[kenjackson]

While I’ve led a data science team, I’ve never taken a data science course — so I’m not sure what it teaches. But i do feel pretty confident in saying that I think math does lose its usefulness around after trig. Not to say there aren’t useful aspects, but the curriculum is so inefficient. And maybe it’s because everyone needs some part of it, but that part is different for each person.

Math is interesting in that the early foundation is so useful, but the use drops off quickly. While I feel like other areas often become more useful as I learn more. Possibly because I haven’t spent 15 years on that topic like I had math.

[2devnull]

“math does lose its usefulness around after trig”

This is the most jarring thing I’ve read today. I can’t say I agree, but I haven’t spent 15 years studying math myself, so who am I to disagree.

[kenjackson]

I think most people would agree if pressed. Math is so ridiculously useful prior to trig. Almost any white collar job relies on these maths. Trig is an interesting inflection point in that so much math gets built on top of it, although its not that useful in of itself. And then after trig, things become much more fragmented and you really need to go into specific subfields to determine which branch of math is of value.

For example, if you go into medicine and medical research having a good understanding of statistics is useful, but very little in calculus or analysis is useful (and even if you do need Calculus, most of the useful stuff for those fields is taught in the 1st semester of Calculus).

[mlyle]

I think a lot of things use calculus concepts, even if calculus isn't explicitly invoked.

A whole lot of finance and pharmacology are about exponential functions and their derivatives and integrals, for instance. A whole lot of fields use optimization, even if "just asking the computer to do it", etc.

I admit I am weaker now in calculus and linear algebra because I lean on CAS and simulation a lot... but at least I know how it works so that I have an idea of what I'm doing.

[kenjackson]

To be clear, I'm not referring to the concepts as they exist in the universe. But rather the actual material taught in the courses. For example, there's a lot topology that we use in the real world, but the material in the class is only of use to a small percentage of people in the world.

I spent a chunk of my career optimizing FDMs and FEMs, but above and beyond that I haven't had a great need for Calculus until I started doing some deep learning. Again, very particular subfields.

And I suspect the work that you're talking about is exactly what I was thinking about when I wrote that even if Calculus is needed, it's the stuff taught in the first semester.

[mlyle]

> but above and beyond that I haven't had a great need for Calculus until I started doing some deep learning.

I think a whole lot of what we talk about in compsci... calculus is table stakes. Sure, it's not differential equations, but how do we talk about behavior at the limit or nonlinear scaling without it.

Even just making up functions that are smooth in their derivative and cross though a few points is something I've had to do a lot for decent heuristics.

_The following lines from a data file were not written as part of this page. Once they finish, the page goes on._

lemma finite_directed_family_common_element:
  assumes "finite S" and "S \<noteq> {}" and F: "\<forall>i\<in>I. F i \<subseteq> S \<and> F i \<noteq> {}"
    and directed: "\<forall>i\<in>I. \<forall>j\<in>I. \<exists>k\<in>I. F k \<subseteq> F i \<inter> F j"
  shows "\<exists>c\<in>S. \<forall>i\<in>I. c \<in> F i"
proof (cases "I = {}")
  case False
  then obtain i where "i \<in> I" and min: "\<forall>j\<in>I. card (F i) \<le> card (F j)"
    using ex_has_least_nat[of "\<lambda>i. i \<in> I" _ "\<lambda>i. card (F i)"] by blast
  have "F i \<subseteq> F j" if "j \<in> I" for j
  proof -
    obtain k where "k \<in> I" "F k \<subseteq> F i \<inter> F j" using directed \<open>i \<in> I\<close> \<open>j \<in> I\<close> by blast
    moreover have "finite (F i)" using F \<open>i \<in> I\<close> \<open>finite S\<close> finite_subset by blast
    ultimately have "F k = F i" using min card_seteq[of "F i" "F k"] by blast
    with \<open>F k \<subseteq> F i \<inter> F j\<close> show ?thesis by blast
  qed
  moreover obtain c where "c \<in> F i" using F \<open>i \<in> I\<close> by blast
  ultimately show ?thesis using F \<open>i \<in> I\<close> by blast
qed (use assms(2) in blast)

context
  fixes Y :: "'v set" and As :: "('r, 'v) atom list" and \<Sigma> :: "'r \<Rightarrow> nat option"
    and \<gamma> :: "'v \<Rightarrow> 'a" and x :: 'v
  assumes sjf: "self_join_free As"
    and keys: "\<forall>(R, ys, zs)\<in>set As. \<Sigma> R = Some (length ys)"
    and unattacked: "unattacked Y As x"
    and "x \<in> Y"
begin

> And I suspect the work that you're talking about is exactly what I was thinking about when I wrote that even if Calculus is needed, it's the stuff taught in the first semester.

What's taught in the first semester varies a lot. I'm familiar with AP Calc BC, and sure-- a little bit of the stuff in the last half of the course (differential equations, vector-valued functions) is a little more esoteric for many careers. But a lot of stuff isn't so much (polar coordinates, the "practical integration" stuff that uses basic mechanics, calculator skills, etc)

[mrbungie]

Wouldn't say math loses usefulness after trig. But rather, due to how it is (usually, my experience being in Chile) teached it rapidly becomes too abstract, decouples from its "real world" use cases and then it is easy to forget the forest for the trees.

The Mathematics for Machine Learning book[1] exposes this as a top-down vs bottom-up problem. While both approaches have pros and cons, a sweet spot may lay somewhere in the middle and that needs you to embrace some inevitable backtracking (i.e. college curricula should not forget to add some courses where world modelling using the math and throughfully explaining why that underlying theory and math is actually useful in describing and/or predicting reality).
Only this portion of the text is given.